La stratification de l’ubiquitination s’est avérée être un différenciateur favorable pour les patients COVID-19, qui était associé à des différences significatives dans les indicateurs inflammatoires cliniques, les taux d’occupation des soins intensifs et la probabilité de ventilation mécanique. L’ubiquitination élevée des patients COVID-19 était fortement corrélée avec des résultats positifs et des états inflammatoires réduits.
Le syndrome inflammatoire clinique a été évalué à l’aide d’indicateurs tels que la ferritine, les D-dimères et les protéines C-réactives. Un cluster d’ubiquitine plus élevé représentait une inflammation plus faible, alors qu’un cluster d’ubiquitine faible était associé à un mauvais pronostic. Le cluster à haute ubiquitine représentait des infiltrations plus élevées de lymphocytes T, de lymphocytes B et de cellules dendritiques. En revanche, une ubiquitination plus faible était liée à l’amélioration des cellules épithéliales, des basophiles, des plaquettes, des neutrophiles et des cellules endothéliales.
L’annotation d’enrichissement de la voie de l’ontologie génique, ainsi que les gènes régulés positivement associés à des groupes à forte ubiquitination, se sont révélés être impliqués dans la réponse immunitaire basée sur les lymphocytes T. La régulation à la hausse des gènes de faible ubiquitination était impliquée dans la régulation positive de la médiation des neutrophiles et la régulation négative de la signalisation médiée par les cytokines. Chez les patients COVID-19 gravement infectés, des niveaux élevés de neutrophiles ont été trouvés, ce qui pourrait être dû à la formation de pièges extracellulaires de neutrophiles.

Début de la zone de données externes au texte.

(* Let $\mathbf{x}_1,\dots,\mathbf{x}_n$ be i.i.d. $N_p(\mathbf{0},\boldsymbol{\Sigma})$, where all diagonal entries of $\boldsymbol{\Sigma}$ equal $1$, $p=p_n\to\infty$ and $\log p=o(n)$. Write $\mathbf{x}_k=(x_{k1},\dots,x_{kp})^T$ and set, for $1\le i\le p$, $$L_i=-n+\sum_{k=1}^n x_{ki}^2,\qquad \epsilon_{n,i}=\Big(1+\frac{L_i}{n}\Big)^{-1/2}-1+\frac{L_i}{2n},$$ and for $i\ne j$ $$E_{ij}=\frac{L_iL_j}{4n^2}-\frac{L_i\epsilon_{n,j}}{2n}-\frac{L_j\epsilon_{n,i}}{2n}+\epsilon_{n,i}\epsilon_{n,j}+\epsilon_{n,i}+\epsilon_{n,j}.$$ Then $$\max_{1\le i<j\le p}\Big\{|E_{ij}|\cdot\Big|\frac1{\sqrt n}\sum_{k=1}^n x_{ki}x_{kj}\Big|\Big\}=O_{\mathbb P}\Big(\frac{\log p}{\sqrt n}\Big).$$
   Context: $\xi_n=O_{\mathbb P}(a_n)$ means $\lim_{C\to\infty}\limsup_{n\to\infty}\mathbb P(|\xi_n/a_n|>C)=0$. *)

theory Defs
  imports "HOL-Probability.Probability"
begin

definition centered_normal :: "real \<Rightarrow> real measure" where
  "centered_normal v = (if v > 0 then density lborel (normal_density 0 (sqrt v)) else return lborel 0)"

definition gaussian_vector :: "'a measure \<Rightarrow> nat set \<Rightarrow> (nat \<Rightarrow> 'a \<Rightarrow> real) \<Rightarrow> (nat \<Rightarrow> nat \<Rightarrow> real) \<Rightarrow> bool" where
  "gaussian_vector M I X S \<longleftrightarrow>
     (\<forall>i\<in>I. X i \<in> borel_measurable M) \<and>
     (\<forall>a :: nat \<Rightarrow> real. distr M lborel (\<lambda>\<omega>. \<Sum>i\<in>I. a i * X i \<omega>) =
        centered_normal (\<Sum>i\<in>I. \<Sum>j\<in>I. a i * a j * S i j))"

definition bigOP :: "(nat \<Rightarrow> 'a measure) \<Rightarrow> (nat \<Rightarrow> 'a \<Rightarrow> real) \<Rightarrow> (nat \<Rightarrow> real) \<Rightarrow> bool" where
  "bigOP M \<xi> a \<longleftrightarrow>
     ((\<lambda>C::real. limsup (\<lambda>n. ereal (measure (M n) {\<omega> \<in> space (M n). \<bar>\<xi> n \<omega> / a n\<bar> > C})))
        \<longlongrightarrow> 0) at_top"

definition Lstat :: "nat \<Rightarrow> (nat \<Rightarrow> nat \<Rightarrow> real) \<Rightarrow> nat \<Rightarrow> real" where
  "Lstat n x i = - real n + (\<Sum>k=1..n. (x k i)\<^sup>2)"

definition epsn :: "nat \<Rightarrow> (nat \<Rightarrow> nat \<Rightarrow> real) \<Rightarrow> nat \<Rightarrow> real" where
  "epsn n x i = (1 + Lstat n x i / real n) powr (-1/2) - 1 + Lstat n x i / (2 * real n)"

definition Estat :: "nat \<Rightarrow> (nat \<Rightarrow> nat \<Rightarrow> real) \<Rightarrow> nat \<Rightarrow> nat \<Rightarrow> real" where
  "Estat n x i j =
     Lstat n x i * Lstat n x j / (4 * (real n)\<^sup>2)
     - Lstat n x i * epsn n x j / (2 * real n)
     - Lstat n x j * epsn n x i / (2 * real n)
     + epsn n x i * epsn n x j + epsn n x i + epsn n x j"

end

theory Submission
  imports Defs
begin

text \<open>Write \<open>t\<^sub>i = L\<^sub>i / n\<close> and \<open>w = \<surd>((1 + t\<^sub>i)(1 + t\<^sub>j))\<close>. A direct computation gives
  \<open>E\<^sub>i\<^sub>j = 1/w - 1 + (t\<^sub>i + t\<^sub>j)/2\<close>, so \<open>E\<^sub>i\<^sub>j w = 1 - w + (t\<^sub>i + t\<^sub>j) w / 2\<close> is a second order
  remainder of the square root, and \<open>|E\<^sub>i\<^sub>j| w \<le> 7 d\<^sup>2\<close> as soon as \<open>|t\<^sub>i|, |t\<^sub>j| \<le> d \<le> 1/2\<close>.
  By Cauchy-Schwarz \<open>|\<Sum>\<^sub>k x\<^sub>k\<^sub>i x\<^sub>k\<^sub>j| \<le> n w\<close>, so every term of the maximum is then at most
  \<open>7 d\<^sup>2 \<surd>n\<close>. Each \<open>L\<^sub>i\<close> is a centred chi-square variable with \<open>n\<close> degrees of freedom, and a
  Chernoff bound gives \<open>P(|L\<^sub>i| \<ge> d n) \<le> 2 exp (-d\<^sup>2 n / 16)\<close>. Choosing \<open>7 d\<^sup>2 = C ln p / n\<close>
  with \<open>C \<ge> 224\<close> and a union bound over the \<open>p\<close> coordinates, the maximum exceeds
  \<open>C ln p / \<surd>n\<close> with probability at most \<open>2 / p \<rightarrow> 0\<close>.\<close>

section \<open>Chernoff bound for chi-square variables\<close>

lemma exp_neg_div_sqrt_le_exp_sq:
  fixes l :: real assumes l: "\<bar>l\<bar> \<le> 1/4"
  shows "exp (-l) / sqrt (1 - 2*l) \<le> exp (4 * l\<^sup>2)"
proof -
  have pos: "0 < 1 - 2*l" using l by auto
  have "-2*l - 8*l\<^sup>2 \<le> ln (1 - 2*l)"
  proof (cases "l \<ge> 0")
    case True
    with ln_one_minus_pos_lower_bound[of "2*l"] l show ?thesis
      by (simp add: power2_eq_square)
  next
    case False
    with ln_one_plus_pos_lower_bound[of "-2*l"] l have "-2*l - 4*l\<^sup>2 \<le> ln (1 - 2*l)"
      by (simp add: power2_eq_square)
    thus ?thesis using zero_le_power2[of l] by linarith
  qed
  hence exp_le: "exp (-2*l - 8*l\<^sup>2) \<le> 1 - 2*l"
    using pos by (metis exp_le_cancel_iff exp_ln)
  have "exp (-l - 4*l\<^sup>2) = sqrt (exp (-2*l - 8*l\<^sup>2))"
    by (rule real_sqrt_unique[symmetric]) (simp_all add: power2_eq_square flip: exp_add)
  also have "\<dots> \<le> sqrt (1 - 2*l)" using exp_le by (rule real_sqrt_le_mono)
  finally have "exp (-l) \<le> exp (4 * l\<^sup>2) * sqrt (1 - 2*l)"
    by (simp add: exp_diff field_simps)
  thus ?thesis using pos by (simp add: divide_le_eq mult.commute)
qed

text \<open>Completing the square: the density of \<open>N(0,1)\<close> times \<open>exp (l (x\<^sup>2 - 1))\<close> is
  \<open>exp (-l) \<sigma>\<close> times the density of \<open>N(0,\<sigma>\<^sup>2)\<close> with \<open>\<sigma>\<^sup>2 = 1 / (1 - 2 l)\<close>.\<close>
lemma nn_integral_std_normal_exp_sq:
  fixes l :: real assumes "l < 1/2"
  shows "(\<integral>\<^sup>+x. exp (l * (x\<^sup>2 - 1)) \<partial>std_normal_distribution)
       = ennreal (exp (-l) / sqrt (1 - 2*l))"
proof -
  define \<sigma> where "\<sigma> = 1 / sqrt (1 - 2*l)"
  have pos: "0 < 1 - 2*l" using assms by auto
  have \<sigma>: "\<sigma> > 0" using pos by (simp add: \<sigma>_def)
  have "std_normal_density x * exp (l * (x\<^sup>2 - 1)) = exp (-l) * \<sigma> * normal_density 0 \<sigma> x" for x
  proof -
    have "sqrt (2*pi*\<sigma>\<^sup>2) = sqrt (2*pi) * \<sigma>" using \<sigma> by (simp add: real_sqrt_mult)
    moreover have "- x\<^sup>2 / (2 * \<sigma>\<^sup>2) = -x\<^sup>2/2 + l * x\<^sup>2"
      using pos by (simp add: \<sigma>_def power_divide field_simps)
    ultimately show ?thesis
      unfolding normal_density_def using \<sigma>
      by (simp add: exp_add[symmetric] exp_diff field_simps)
  qed
  hence "(\<integral>\<^sup>+x. exp (l * (x\<^sup>2 - 1)) \<partial>std_normal_distribution)
      = (\<integral>\<^sup>+x. ennreal (exp (-l) * \<sigma>) * normal_density 0 \<sigma> x \<partial>lborel)"
    using \<sigma> by (subst nn_integral_density) (auto intro!: nn_integral_cong simp flip: ennreal_mult)
  also have "\<dots> = ennreal (exp (-l) * \<sigma>) * (\<integral>\<^sup>+x. normal_density 0 \<sigma> x \<partial>lborel)"
    by (rule nn_integral_cmult) auto
  also have "(\<integral>\<^sup>+x. normal_density 0 \<sigma> x \<partial>lborel) = 1"
    using \<sigma> by (subst nn_integral_eq_integral) simp_all
  finally show ?thesis by (simp add: \<sigma>_def)
qed

lemma (in prob_space) nn_integral_exp_chi_square_le:
  assumes fin: "finite K" and ind: "indep_vars (\<lambda>_. borel) z K"
    and std: "\<And>k. k \<in> K \<Longrightarrow> distr M lborel (z k) = std_normal_distribution"
    and l: "\<bar>l\<bar> \<le> 1/4"
  shows "(\<integral>\<^sup>+\<omega>. exp (l * (\<Sum>k\<in>K. (z k \<omega>)\<^sup>2 - 1)) \<partial>M) \<le> exp (4 * l\<^sup>2 * card K)"
proof -
  have "(\<integral>\<^sup>+\<omega>. exp (l * (\<Sum>k\<in>K. (z k \<omega>)\<^sup>2 - 1)) \<partial>M)
      = (\<integral>\<^sup>+\<omega>. (\<Prod>k\<in>K. ennreal (exp (l * ((z k \<omega>)\<^sup>2 - 1)))) \<partial>M)"
    by (intro nn_integral_cong) (simp add: sum_distrib_left exp_sum fin prod_ennreal)
  also have "\<dots> = (\<Prod>k\<in>K. \<integral>\<^sup>+\<omega>. exp (l * ((z k \<omega>)\<^sup>2 - 1)) \<partial>M)"
    by (intro indep_vars_nn_integral fin indep_vars_compose2[OF ind]) auto
  also have "\<dots> \<le> (\<Prod>k\<in>K. ennreal (exp (4 * l\<^sup>2)))"
  proof (intro prod_mono_ennreal)
    fix k assume k: "k \<in> K"
    have "z k \<in> measurable M lborel" using ind k by (simp add: indep_vars_def)
    hence "(\<integral>\<^sup>+\<omega>. exp (l * ((z k \<omega>)\<^sup>2 - 1)) \<partial>M)
        = (\<integral>\<^sup>+x. exp (l * (x\<^sup>2 - 1)) \<partial>distr M lborel (z k))"
      by (subst nn_integral_distr) auto
    also have "\<dots> = ennreal (exp (-l) / sqrt (1 - 2*l))"
      using std[OF k] nn_integral_std_normal_exp_sq[of l] l by simp
    also have "\<dots> \<le> exp (4 * l\<^sup>2)"
      using exp_neg_div_sqrt_le_exp_sq[OF l] by (simp add: ennreal_leI)
    finally show "(\<integral>\<^sup>+\<omega>. exp (l * ((z k \<omega>)\<^sup>2 - 1)) \<partial>M) \<le> exp (4 * l\<^sup>2)" .
  qed
  also have "\<dots> = exp (4 * l\<^sup>2 * card K)"
    by (simp add: ennreal_power exp_of_nat_mult[symmetric] mult.commute)
  finally show ?thesis .
qed

lemma (in prob_space) chi_square_signed_tail_le:
  assumes fin: "finite K" and ind: "indep_vars (\<lambda>_. borel) z K"
    and std: "\<And>k. k \<in> K \<Longrightarrow> distr M lborel (z k) = std_normal_distribution"
    and s: "0 < s" "s \<le> real (card K)" and g: "\<bar>g\<bar> = 1"
  shows "emeasure M {\<omega>\<in>space M. s \<le> g * (\<Sum>k\<in>K. (z k \<omega>)\<^sup>2 - 1)} \<le> exp (-s\<^sup>2 / (16 * real (card K)))"
proof -
  define n where "n = real (card K)"
  have n: "n > 0" using s by (simp add: n_def)
  define l where "l = s / (8 * n)"
  have l: "l > 0" using s n by (simp add: l_def)
  have gl: "\<bar>g * l\<bar> \<le> 1/4" using s n g l by (simp add: l_def abs_mult field_simps n_def)
  have [measurable]: "z k \<in> borel_measurable M" if "k \<in> K" for k
    using ind that by (simp add: indep_vars_def)
  have "emeasure M {\<omega>\<in>space M. s \<le> g * (\<Sum>k\<in>K. (z k \<omega>)\<^sup>2 - 1)}
     \<le> exp (-l * s) * (\<integral>\<^sup>+\<omega>. ennreal (exp (l * (g * (\<Sum>k\<in>K. (z k \<omega>)\<^sup>2 - 1)))) * indicator (space M) \<omega> \<partial>M)"
    by (rule Chernoff_ineq_nn_integral_ge[OF l]) measurable
  also have "(\<integral>\<^sup>+\<omega>. ennreal (exp (l * (g * (\<Sum>k\<in>K. (z k \<omega>)\<^sup>2 - 1)))) * indicator (space M) \<omega> \<partial>M)
      = (\<integral>\<^sup>+\<omega>. exp ((g * l) * (\<Sum>k\<in>K. (z k \<omega>)\<^sup>2 - 1)) \<partial>M)"
    by (intro nn_integral_cong) (simp add: mult_ac)
  also have "ennreal (exp (-l * s)) * \<dots> \<le> ennreal (exp (-l * s)) * ennreal (exp (4 * (g * l)\<^sup>2 * n))"
    unfolding n_def by (rule mult_left_mono[OF nn_integral_exp_chi_square_le[OF fin ind std gl]]) auto
  also have "\<dots> = exp (-s\<^sup>2 / (16 * n))"
  proof -
    have "(g * l)\<^sup>2 = l\<^sup>2" using power2_abs[of g] g by (simp add: power_mult_distrib)
    moreover have "-l * s + 4 * l\<^sup>2 * n = -s\<^sup>2 / (16 * n)" using n
      by (simp add: l_def field_simps power2_eq_square)
    ultimately show ?thesis by (simp add: exp_add[symmetric] flip: ennreal_mult)
  qed
  finally show ?thesis unfolding n_def .
qed

lemma (in prob_space) chi_square_tail_le:
  assumes fin: "finite K" and ind: "indep_vars (\<lambda>_. borel) z K"
    and std: "\<And>k. k \<in> K \<Longrightarrow> distr M lborel (z k) = std_normal_distribution"
    and s: "0 < s" "s \<le> real (card K)"
  shows "prob {\<omega>\<in>space M. s \<le> \<bar>\<Sum>k\<in>K. (z k \<omega>)\<^sup>2 - 1\<bar>} \<le> 2 * exp (-s\<^sup>2 / (16 * real (card K)))"
proof -
  have [measurable]: "z k \<in> borel_measurable M" if "k \<in> K" for k
    using ind that by (simp add: indep_vars_def)
  define A where "A g = {\<omega>\<in>space M. s \<le> g * (\<Sum>k\<in>K. (z k \<omega>)\<^sup>2 - 1)}" for g :: real
  have A_sets: "A g \<in> sets M" for g
    unfolding A_def using fin by measurable
  have A_le: "prob (A g) \<le> exp (-s\<^sup>2 / (16 * real (card K)))" if "\<bar>g\<bar> = 1" for g
    using chi_square_signed_tail_le[OF fin ind std s that]
    by (simp add: A_def emeasure_eq_measure)
  have "{\<omega>\<in>space M. s \<le> \<bar>\<Sum>k\<in>K. (z k \<omega>)\<^sup>2 - 1\<bar>} = A 1 \<union> A (-1)"
  proof -
    have "s \<le> \<bar>y\<bar> \<longleftrightarrow> s \<le> 1 * y \<or> s \<le> (-1) * y" for y :: real by linarith
    thus ?thesis unfolding A_def by blast
  qed
  hence "prob {\<omega>\<in>space M. s \<le> \<bar>\<Sum>k\<in>K. (z k \<omega>)\<^sup>2 - 1\<bar>} \<le> prob (A 1) + prob (A (-1))"
    using measure_Un_le[OF A_sets A_sets] by simp
  also have "\<dots> \<le> 2 * exp (-s\<^sup>2 / (16 * real (card K)))"
    using A_le[of 1] A_le[of "-1"] by simp
  finally show ?thesis .
qed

Des modèles de risque moléculaires ont été développés sur la base de six biomarqueurs, dont trois facteurs de risque (CYSTM1, GLDN et PCOLCE2) et trois facteurs de protection (SDSL, SEZ6L et TNFRSF18). Ils ont été utilisés pour évaluer le pronostic de la maladie.
conclusion
Les résultats de l’étude actuelle ont fortement indiqué que des niveaux plus élevés d’ubiquitine pourraient agir comme un facteur protecteur chez les patients infectés par le SRAS-CoV-2. Sur la base du criblage de biomarqueurs, de la stratification pronostique et de la construction d’un modèle de risque, les scientifiques ont pu faire la lumière sur le développement d’interventions cliniques prometteuses et la gestion de la maladie.